[ubuntu-uk] Ubuntu TV Advert

Daniel Lamb daniel.lamb at dlcomputing.co.uk
Mon Oct 29 09:43:13 GMT 2007

Please don’t get to excited about the whole Ubuntu Tesco thing, it is on
their website, but not in the store where they make the most sales on pcs, 

I have checked every Tesco in Tayside and I cant even find epcs, plus it is
epcs that have taken the bold step not Tesco, asda sell epcs as well, 

someone should contact epcs and see what we can do to help them get into
places, perhaps people on this list who sell pcs could sell branded pcs with
Ubuntu on it?


Also I think there was some black text scrolling on 6.06 just a little where
it now just says “Starting up






From: ubuntu-uk-bounces at lists.ubuntu.com
[mailto:ubuntu-uk-bounces at lists.ubuntu.com] On Behalf Of Sean Miller
Sent: 29 October 2007 08:30
To: British Ubuntu Talk
Subject: Re: [ubuntu-uk] Ubuntu TV Advert


I only saw the short version of the BBC Click piece, at 6.30am on a Sunday
morning or whenever on News 24 but I wasn't actually that impressed with
it... it was, I recall thinking at the time, inaccurate in many regards...
it made a big thing of Open Source software being free as in beer, which we
know is not technically the case, and also video of black screens with text
scrolling vertically as each module loads with a comment from the producer
about how nostalgic this is...  I don't think any version of Ubuntu I've
ever installed (and I've ran every version so far) defaulted to black
screens with text scrolling, instead having the welcoming Ubuntu splash page
and then a login box.  

I understand that your average "man in the street" may not be able to grasp
the concept of freedom vs. zero cost early on a Sunday morning but I would
have thought it better to simply not mention it at all rather than state
something that is actually wrong.   The programme also, if I remember right,
gave that age-old impression that folks using Linux are generally geeks and
to use same one needs to have some technical know-how.  This is surely a
message we should be trying to refute rather than encourage the media to
re-enforce it. 

I think it is the lack of Ubuntu boxes in the shops that is the major
obstacle... whilst the OS is primarily something that the user has to
install it will remain in the "geek/techie" category in most peoples' minds.
But with Tesco now selling a Linux box (what was it, £138?) surely we should
be encouraging them to start putting them on display in store... when it
comes to promotion, to use Tesco's own phrase, "Every Little Helps" and
surely it would be a great opportunity for Tesco to show that they're
"daring to be different", offering customers a "completely new computer
experience"... perhaps stamp "Tesco Value" on the box, and offer a Ubuntu PC
and TFT monitor for £199.99... or £219.99 with wireless card. 
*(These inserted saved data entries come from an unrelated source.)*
text \<open>The bornology of M': the compactoid subsets.\<close>
definition compactoid_bornology ::
  "('v::comm_ring_1 \<Rightarrow> 'm::ab_group_add \<Rightarrow> 'm) \<Rightarrow> 'v \<Rightarrow> 'm set set \<Rightarrow> 'm set set" where
  "compactoid_bornology s \<pi> B = {S. compactoid s \<pi> B S}"

end

theory Submission
  imports Defs "HOL-Library.Set_Algebras"
begin

text \<open>Let S \<subseteq> T be compactoid, with S \<subseteq> V F_n + \<pi>^n T for finite sets F_n, and let W \<supseteq> T
be a bounded \<pi>-adically complete submodule. Then T' = {x \<in> W. \<forall>n. x \<in> V F_n + \<pi>^n W} is a
submodule containing S, compactoid by the same F_n, and \<pi>-adically closed in W. A closed
submodule T' of a complete W is complete: the limit in W of a Cauchy sequence in T' lies in T',
and so do the sums of the series \<Sum>_j \<pi>^j t_j with t_j \<in> T', which shows that the tails
lie in \<pi>^n T' and not merely in \<pi>^n W.\<close>

definition pi_adically_closed ::
  "('v::comm_ring_1 \<Rightarrow> 'm::ab_group_add \<Rightarrow> 'm) \<Rightarrow> 'v \<Rightarrow> 'm set \<Rightarrow> 'm set \<Rightarrow> bool" where
  "pi_adically_closed s \<pi> W T \<longleftrightarrow>
     (\<forall>z\<in>W. (\<forall>n. \<exists>w\<in>T. z - w \<in> s (\<pi> ^ n) ` W) \<longrightarrow> z \<in> T)"

lemma pi_adically_closedD:
  assumes "pi_adically_closed s \<pi> W T" and "z \<in> W"
    and "\<And>n. w n \<in> T" and "\<And>n. z - w n \<in> s (\<pi> ^ n) ` W"
  shows "z \<in> T"
  using assms unfolding pi_adically_closed_def by blast

lemma pi_adically_complete_limit:
  assumes "pi_adically_complete s \<pi> T"
    and "\<And>n. x n \<in> T" and "\<And>n. x (Suc n) - x n \<in> s (\<pi> ^ n) ` T"
  obtains y where "y \<in> T" and "\<And>n. y - x n \<in> s (\<pi> ^ n) ` T"
  using assms unfolding pi_adically_complete_def by blast

lemma pi_adically_complete_eq_0:
  assumes "pi_adically_complete s \<pi> T" and "\<And>n. d \<in> s (\<pi> ^ n) ` T"
  shows "d = 0"
  using assms unfolding pi_adically_complete_def by blast

lemma compactoid_iff:
  "compactoid s \<pi> B S \<longleftrightarrow>
     (\<exists>T\<in>B. module.subspace s T \<and> S \<subseteq> T \<and>
        (\<forall>n::nat. \<exists>F. finite F \<and> F \<subseteq> T \<and> S \<subseteq> module.span s F + s (\<pi> ^ n) ` T))"
proof -
  have "{a + b |a b. a \<in> A \<and> b \<in> C} = A + C" for A C :: "'b set"
    by (auto simp: set_plus_def)
  then show ?thesis by (simp add: compactoid_def)
qed

lemma compactoid_subset:
  assumes "compactoid s \<pi> B S" and "S' \<subseteq> S"
  shows "compactoid s \<pi> B S'"
proof -
  from assms(1) obtain T where "T \<in> B" "module.subspace s T" "S \<subseteq> T"
    and "\<forall>n::nat. \<exists>F. finite F \<and> F \<subseteq> T \<and> S \<subseteq> module.span s F + s (\<pi> ^ n) ` T"
    unfolding compactoid_iff by blast
  with assms(2) show ?thesis
    unfolding compactoid_iff by (meson subset_trans)
qed

context module
begin

lemma subspace_scale_image: "subspace W \<Longrightarrow> subspace (scale c ` W)"
  by (rule module_hom.subspace_image[OF module_hom_scale_self])


lemma subspace_set_plus:
  assumes "subspace A" and "subspace C"
  shows "subspace (A + C)"
proof (rule subspaceI)
  show "0 \<in> A + C"
    using set_plus_intro[OF subspace_0[OF assms(1)] subspace_0[OF assms(2)]] by simp
next
  fix x y assume "x \<in> A + C" "y \<in> A + C"
  then obtain a c a' c' where "x = a + c" "y = a' + c'" "a \<in> A" "c \<in> C" "a' \<in> A" "c' \<in> C"
    by (auto elim!: set_plus_elim)
  then have "x + y = (a + a') + (c + c')" "a + a' \<in> A" "c + c' \<in> C"
    using assms subspace_add by (simp_all add: add_ac)
  then show "x + y \<in> A + C"
    by (simp add: set_plus_intro)
next
  fix k x assume "x \<in> A + C"
  then obtain a c where "x = a + c" "a \<in> A" "c \<in> C"
    by (auto elim!: set_plus_elim)
  then show "scale k x \<in> A + C"
    using assms subspace_scale by (simp add: scale_right_distrib set_plus_intro)
qed

lemma scale_power_image_antimono:
  assumes "subspace W" and "m \<le> n"
  shows "scale (p ^ n) ` W \<subseteq> scale (p ^ m) ` W"
proof
  fix x assume "x \<in> scale (p ^ n) ` W"
  then obtain u where "u \<in> W" "x = scale (p ^ n) u" by blast
  then have "x = scale (p ^ m) (scale (p ^ (n - m)) u)"
    using assms(2) by (simp flip: power_add)
  with assms(1) \<open>u \<in> W\<close> show "x \<in> scale (p ^ m) ` W"
    by (blast intro: subspace_scale)
qed

lemma compactoid_finite:
  assumes "bornological_module scale B" and "finite F"
  shows "compactoid scale p B F"
proof -
  from assms have "F \<in> B" and "\<forall>S\<in>B. \<exists>T\<in>B. subspace T \<and> S \<subseteq> T"
    unfolding bornological_module_def bornology_def by simp_all
  then obtain T where "T \<in> B" "subspace T" "F \<subseteq> T"
    by blast
  moreover have "F \<subseteq> span F + scale (p ^ n) ` T" for n
  proof
    fix x assume "x \<in> F"
    have "0 \<in> scale (p ^ n) ` T"
      using subspace_0[OF subspace_scale_image[OF \<open>subspace T\<close>]] .
    with \<open>x \<in> F\<close> have "x + 0 \<in> span F + scale (p ^ n) ` T"
      by (intro set_plus_intro span_base)
    then show "x \<in> span F + scale (p ^ n) ` T" by simp
  qed
  ultimately show ?thesis
    using \<open>finite F\<close> unfolding compactoid_iff by blast
qed

lemma compactoid_Un:
  assumes B: "bornological_module scale B"
    and "compactoid scale p B S" and "compactoid scale p B S'"
  shows "compactoid scale p B (S \<union> S')"
proof -
  from assms(2) obtain T where "T \<in> B" "subspace T" "S \<subseteq> T"
    and F: "\<And>n. \<exists>F. finite F \<and> F \<subseteq> T \<and> S \<subseteq> span F + scale (p ^ n) ` T"
    unfolding compactoid_iff by blast
  from assms(3) obtain T' where "T' \<in> B" "subspace T'" "S' \<subseteq> T'"
    and F': "\<And>n. \<exists>F. finite F \<and> F \<subseteq> T' \<and> S' \<subseteq> span F + scale (p ^ n) ` T'"
    unfolding compactoid_iff by blast
  from B \<open>T \<in> B\<close> \<open>T' \<in> B\<close> have "T \<union> T' \<in> B" and "\<forall>S\<in>B. \<exists>U\<in>B. subspace U \<and> S \<subseteq> U"
    unfolding bornological_module_def bornology_def by simp_all
  then obtain U where U: "U \<in> B" "subspace U" "T \<union> T' \<subseteq> U"
    by blast
  have "\<exists>G. finite G \<and> G \<subseteq> U \<and> S \<union> S' \<subseteq> span G + scale (p ^ n) ` U" for n
  proof -
    from F[of n] F'[of n] obtain G G' where
      "finite G" "G \<subseteq> T" "S \<subseteq> span G + scale (p ^ n) ` T" and
      "finite G'" "G' \<subseteq> T'" "S' \<subseteq> span G' + scale (p ^ n) ` T'"
      by blast
    moreover have "span G + scale (p ^ n) ` T \<subseteq> span (G \<union> G') + scale (p ^ n) ` U"
      and "span G' + scale (p ^ n) ` T' \<subseteq> span (G \<union> G') + scale (p ^ n) ` U"
      using U(3) by (intro set_plus_mono2 span_mono image_mono; blast)+
    ultimately show ?thesis
      using U(3) by (intro exI[of _ "G \<union> G'"]) auto
  qed
  with U \<open>S \<subseteq> T\<close> \<open>S' \<subseteq> T'\<close> show ?thesis
    unfolding compactoid_iff by blast
qed

lemma bornology_compactoid_bornology:
  assumes "bornological_module scale B"
  shows "bornology (compactoid_bornology scale p B)"
  unfolding bornology_def compactoid_bornology_def mem_Collect_eq
  by (intro conjI allI impI ballI)
     (simp_all add: compactoid_finite[OF assms] compactoid_Un[OF assms] compactoid_subset)

lemma pi_adic_telescope:
  assumes "\<And>n. x (Suc n) - x n = scale (p ^ n) (t n)"
  shows "x (k + m) - x k = scale (p ^ k) (\<Sum>j<m. scale (p ^ j) (t (k + j)))"
proof (induction m)
  case 0
  show ?case by simp
next
  case (Suc m)
  have "x (k + Suc m) - x k = (x (Suc (k + m)) - x (k + m)) + (x (k + m) - x k)"
    by simp
  also have "\<dots> = scale (p ^ (k + m)) (t (k + m)) + scale (p ^ k) (\<Sum>j<m. scale (p ^ j) (t (k + j)))"
    using assms Suc.IH by simp
  also have "\<dots> = scale (p ^ k) (\<Sum>j<Suc m. scale (p ^ j) (t (k + j)))"
    by (simp add: scale_right_distrib power_add add.commute)
  finally show ?case .
qed

lemma pi_adically_closed_series_limit:
  assumes W: "subspace W" "pi_adically_complete scale p W"
    and T: "subspace T" "T \<subseteq> W" "pi_adically_closed scale p W T"
    and t: "\<And>j. t j \<in> T"
  obtains z where "z \<in> T" and "\<And>m. z - (\<Sum>j<m. scale (p ^ j) (t j)) \<in> scale (p ^ m) ` W"
proof -
  define w where "w m = (\<Sum>j<m. scale (p ^ j) (t j))" for m
  have "w m \<in> T" for m
    unfolding w_def using T(1) t by (intro subspace_sum subspace_scale)
  moreover have "w (Suc m) - w m \<in> scale (p ^ m) ` W" for m
    using t T(2) by (auto simp: w_def)
  ultimately obtain z where "z \<in> W" and z: "\<And>m. z - w m \<in> scale (p ^ m) ` W"
    using pi_adically_complete_limit[OF W(2)] T(2) by blast
  moreover from this have "z \<in> T"
    using pi_adically_closedD[OF T(3)] \<open>\<And>m. w m \<in> T\<close> by blast
  ultimately show thesis
    using that unfolding w_def by blast
qed

lemma pi_adically_closed_tail:
  assumes W: "subspace W" "pi_adically_complete scale p W"
    and T: "subspace T" "T \<subseteq> W" "pi_adically_closed scale p W T"
    and t: "\<And>n. t n \<in> T" "\<And>n. x (Suc n) - x n = scale (p ^ n) (t n)"
    and y: "\<And>n. y - x n \<in> scale (p ^ n) ` W"
  shows "y - x k \<in> scale (p ^ k) ` T"
proof -
  let ?w = "\<lambda>m. \<Sum>j<m. scale (p ^ j) (t (k + j))"
  obtain z where "z \<in> T" and z: "\<And>m. z - ?w m \<in> scale (p ^ m) ` W"
    using pi_adically_closed_series_limit[OF W T, of "\<lambda>j. t (k + j)"] t(1) by blast
  have "y - x k - scale (p ^ k) z = 0"
  proof (rule pi_adically_complete_eq_0[OF W(2)])
    fix m
    have "x (k + m) = x k + scale (p ^ k) (?w m)"
      using pi_adic_telescope[OF t(2), of k m] by (simp add: algebra_simps)
    then have "y - x k - scale (p ^ k) z = (y - x (k + m)) - scale (p ^ k) (z - ?w m)"
      by (simp add: algebra_simps)
    also have "\<dots> \<in> scale (p ^ m) ` W"
    proof (rule subspace_diff[OF subspace_scale_image[OF W(1)]])
      show "y - x (k + m) \<in> scale (p ^ m) ` W"
        using y[of "k + m"] scale_power_image_antimono[OF W(1), of m "k + m"] by auto
      show "scale (p ^ k) (z - ?w m) \<in> scale (p ^ m) ` W"
        using subspace_scale[OF subspace_scale_image[OF W(1)] z] .
    qed
    finally show "y - x k - scale (p ^ k) z \<in> scale (p ^ m) ` W" .
  qed
  then show ?thesis
    using \<open>z \<in> T\<close> by auto
qed
lemma multiset_with_levels_exists:
  fixes m n K e :: nat
  assumes "(\<Sum>l=1..m. j l) + K \<le> n"
  obtains V where "size V = n" "\<forall>l\<in>{1..m}. count V (m - l) = j l"
    "size (filter_mset (\<lambda>x. m < x) V) = K" "(\<Sum>x\<in>#V. x - (m + 1)) = (if K = 0 then 0 else e)"
proof
  define high where
    "high = (if K = 0 then {#} else add_mset (m + 1 + e) (replicate_mset (K - 1) (m + 1)))"
  define V where
    "V = level_mset m j + replicate_mset (n - (\<Sum>l=1..m. j l) - K) m + high"
  have low_le: "\<And>x. x \<in># level_mset m j \<Longrightarrow> x \<le> m"
    using level_mset_below less_imp_le by blast
  show "size V = n"
    using assms by (simp add: V_def high_def size_level_mset)
  show "\<forall>l\<in>{1..m}. count V (m - l) = j l"
    by (auto simp: V_def high_def count_level_mset)
  show "size (filter_mset (\<lambda>x. m < x) V) = K"
    by (simp add: V_def high_def low_le not_less filter_replicate_mset)
  show "(\<Sum>x\<in>#V. x - (m + 1)) = (if K = 0 then 0 else e)"
    by (auto simp: V_def high_def dest: low_le)
qed

lemma value_multiset_necessary:
  fixes V :: "nat multiset"
  assumes counts: "\<forall>l\<in>{1..m}. count V (m - l) = j l"
  shows "int m * int (size V) - (\<Sum>l=1..m. int l * int (j l)) \<le> int (\<Sum>x\<in>#V. min (m + 1) x)"
    and "int (\<Sum>x\<in>#V. min (m + 1) x)
      \<le> (int m + 1) * int (size V) - (\<Sum>l=1..m. (int l + 1) * int (j l))"
    and "int m * int (size V) = int (\<Sum>x\<in>#V. min (m + 1) x) + (\<Sum>l=1..m. int l * int (j l))
      \<Longrightarrow> sum_mset V = (\<Sum>x\<in>#V. min (m + 1) x)"
proof -
  define K where "K = size (filter_mset (\<lambda>x. m < x) V)"
  have "(\<Sum>l=1..m. l * count V (m - l)) = (\<Sum>l=1..m. l * j l)"
    and "(\<Sum>l=1..m. count V (m - l)) = (\<Sum>l=1..m. j l)"
    using counts by simp_all
  then have nat_identity: "(\<Sum>l=1..m. l * j l) + (\<Sum>x\<in>#V. min (m + 1) x) = m * size V + K"
    and nat_room: "(\<Sum>l=1..m. j l) + K \<le> size V"
    using weighted_levels_plus_sum_min[of V m] count_levels_le_size[of V m] by (simp_all add: K_def)
  have identity:
    "(\<Sum>l=1..m. int l * int (j l)) + int (\<Sum>x\<in>#V. min (m + 1) x) = int m * int (size V) + int K"
    using arg_cong[OF nat_identity, of int] unfolding of_nat_add of_nat_mult of_nat_sum .
  have room: "(\<Sum>l=1..m. int (j l)) + int K \<le> int (size V)"
    using nat_room[folded of_nat_le_iff[where 'a=int]] unfolding of_nat_add of_nat_sum .
  have "(\<Sum>l=1..m. (int l + 1) * int (j l)) = (\<Sum>l=1..m. int l * int (j l)) + (\<Sum>l=1..m. int (j l))"
    by (simp add: distrib_right sum.distrib)
  moreover have "(int m + 1) * int (size V) = int m * int (size V) + int (size V)"
    by (simp add: distrib_right)
  ultimately show "int (\<Sum>x\<in>#V. min (m + 1) x)
      \<le> (int m + 1) * int (size V) - (\<Sum>l=1..m. (int l + 1) * int (j l))"
    using identity room by linarith
  show "int m * int (size V) - (\<Sum>l=1..m. int l * int (j l)) \<le> int (\<Sum>x\<in>#V. min (m + 1) x)"
    using identity by linarith
  assume "int m * int (size V) = int (\<Sum>x\<in>#V. min (m + 1) x) + (\<Sum>l=1..m. int l * int (j l))"
  then have "K = 0"
    using identity by linarith
  then have "(\<Sum>x\<in>#V. x - (m + 1)) = 0"
    by (auto simp: K_def not_less)
  then show "sum_mset V = (\<Sum>x\<in>#V. min (m + 1) x)"
    using sum_mset_eq_sum_min_plus_excess[of V "m + 1"] by simp
qed

lemma value_multiset_sufficient:
  fixes m n t e :: nat
  assumes lower: "int m * int n - (\<Sum>l=1..m. int l * int (j l)) \<le> int t"
    and upper: "int t \<le> (int m + 1) * int n - (\<Sum>l=1..m. (int l + 1) * int (j l))"
    and tight: "int m * int n = int t + (\<Sum>l=1..m. int l * int (j l)) \<Longrightarrow> e = 0"
  obtains V where "size V = n" "\<forall>l\<in>{1..m}. count V (m - l) = j l"
    "(\<Sum>x\<in>#V. min (m + 1) x) = t" "sum_mset V = t + e"
proof -
  define K where "K = nat (int t + (\<Sum>l=1..m. int l * int (j l)) - int m * int n)"
  have "int ((\<Sum>l=1..m. l * j l) + t) = int (m * n + K)"
    and "int ((\<Sum>l=1..m. j l) + K) \<le> int n"
    using lower upper by (simp_all add: K_def algebra_simps sum.distrib)
  then have identity: "(\<Sum>l=1..m. l * j l) + t = m * n + K" and room: "(\<Sum>l=1..m. j l) + K \<le> n"
    by (simp_all only: of_nat_eq_iff of_nat_le_iff)
  obtain V where size: "size V = n" and counts: "\<forall>l\<in>{1..m}. count V (m - l) = j l"
    and K: "size (filter_mset (\<lambda>x. m < x) V) = K"
    and excess: "(\<Sum>x\<in>#V. x - (m + 1)) = (if K = 0 then 0 else e)"
    using multiset_with_levels_exists[of j m K n e] room by auto
  have "(\<Sum>l=1..m. l * count V (m - l)) = (\<Sum>l=1..m. l * j l)"
    using counts by simp
  then have min_t: "(\<Sum>x\<in>#V. min (m + 1) x) = t"
    using weighted_levels_plus_sum_min[of V m] identity size K by simp
  have "K = 0 \<Longrightarrow> e = 0"
    using tight arg_cong[OF identity, of int] by simp
  then have "sum_mset V = t + e"
    using sum_mset_eq_sum_min_plus_excess[of V "m + 1"] min_t excess by (cases "K = 0") simp_all
  then show thesis
    using that size counts min_t by blast
qed

lemma value_multiset_exists_iff:
  fixes j :: "nat \<Rightarrow> nat" and m n t d r :: nat
  shows "(\<exists>V. size V = n \<and> (\<Sum>x\<in>#V. min (m + 1) x) = t \<and> sum_mset V + d = r \<and>
            (\<forall>l\<in>{1..m}. count V (m - l) = j l))
    \<longleftrightarrow> (int m * int n - (\<Sum>l=1..m. int l * int (j l)) \<le> int t \<and>
          int t \<le> (int m + 1) * int n - (\<Sum>l=1..m. (int l + 1) * int (j l))) \<and>
        t + d \<le> r \<and> (int m * int n = int t + (\<Sum>l=1..m. int l * int (j l)) \<longrightarrow> t + d = r)"
proof
  assume "\<exists>V. size V = n \<and> (\<Sum>x\<in>#V. min (m + 1) x) = t \<and> sum_mset V + d = r \<and>
            (\<forall>l\<in>{1..m}. count V (m - l) = j l)"
  then obtain V where "size V = n" "(\<Sum>x\<in>#V. min (m + 1) x) = t" "sum_mset V + d = r"
    "\<forall>l\<in>{1..m}. count V (m - l) = j l"
    by blast
  moreover have "(\<Sum>x\<in>#V. min (m + 1) x) \<le> sum_mset V"
    using sum_mset_eq_sum_min_plus_excess[of V "m + 1"] by simp
  ultimately show "(int m * int n - (\<Sum>l=1..m. int l * int (j l)) \<le> int t \<and>
          int t \<le> (int m + 1) * int n - (\<Sum>l=1..m. (int l + 1) * int (j l))) \<and>
        t + d \<le> r \<and> (int m * int n = int t + (\<Sum>l=1..m. int l * int (j l)) \<longrightarrow> t + d = r)"
    using value_multiset_necessary[of m V j] by auto
next
  assume conditions: "(int m * int n - (\<Sum>l=1..m. int l * int (j l)) \<le> int t \<and>
          int t \<le> (int m + 1) * int n - (\<Sum>l=1..m. (int l + 1) * int (j l))) \<and>
        t + d \<le> r \<and> (int m * int n = int t + (\<Sum>l=1..m. int l * int (j l)) \<longrightarrow> t + d = r)"
  then obtain V where "size V = n" "\<forall>l\<in>{1..m}. count V (m - l) = j l"
    "(\<Sum>x\<in>#V. min (m + 1) x) = t" "sum_mset V = t + (r - (t + d))"
    using value_multiset_sufficient[of m n j t "r - (t + d)"] by auto
  then show "\<exists>V. size V = n \<and> (\<Sum>x\<in>#V. min (m + 1) x) = t \<and> sum_mset V + d = r \<and>
            (\<forall>l\<in>{1..m}. count V (m - l) = j l)"
    using conditions by auto
qed

definition rational_values :: "nat \<Rightarrow> (nat \<Rightarrow> 'p) \<Rightarrow> ('p \<Rightarrow> nat) \<Rightarrow> nat multiset" where
  "rational_values n P D = {# D (P i). i \<in># mset_set {1..n} #}"

definition away_from :: "'p set \<Rightarrow> ('p \<Rightarrow> nat) \<Rightarrow> 'p \<Rightarrow> nat" where
  "away_from B D = (\<lambda>Q. if Q \<in> B then 0 else D Q)"

lemma sum_rational_values: "(\<Sum>x\<in>#rational_values n P D. g x) = (\<Sum>i=1..n. g (D (P i)))"
  by (simp add: rational_values_def sum_unfold_sum_mset image_mset.compositionality comp_def)

lemma supp_zero [simp]: "supp (\<lambda>_. 0) = {}"
  by (simp add: supp_def)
Perhaps we could actually tailor a version of Ubuntu (as have the "Ubuntu
Studio" folks for music) specifically for the Tesco market, doing things
that nobody could dream of getting for so little from Microsoft... what does
your average Tesco person want from a computer?  

We have the basics - Openoffice, Firefox, Pidgin, Thunderbird/Evolution,
GIMP, Skype perhaps, a CD/DVD burner of some sort, photo software of some

What about MythTV or similar?  Bundle in a TV card and promote this PC as
one where you can pause live TV, record programmes and then burn to DVD...
everything you'd get in a £120 "hard drive recorder" box thrown in virtually

Imagine it... "Tesco, the store that gives you options..." - millions start
flooding into Tesco to look at Windows vs. Linux... they see the rich
multimedia content streaming on that shelf, they see great video demos on
the screen and they see a guided tour of how you can do really exciting
things (similar to what PC World do with Microsoft's creations)... Tesco
sells out of Linux PCs within 3 days and it's all over the BBC News...
"Tesco have been forced to order another 1 million Linux PCs after they
disappeared off the shelves.   PC World and Currys executives have meanwhile
called emergency meetings with their buyers to find out why Linux had not
been promoted in this way in their stores, as Q4 profits at both chains
looked set to be significantly down on this time last year" 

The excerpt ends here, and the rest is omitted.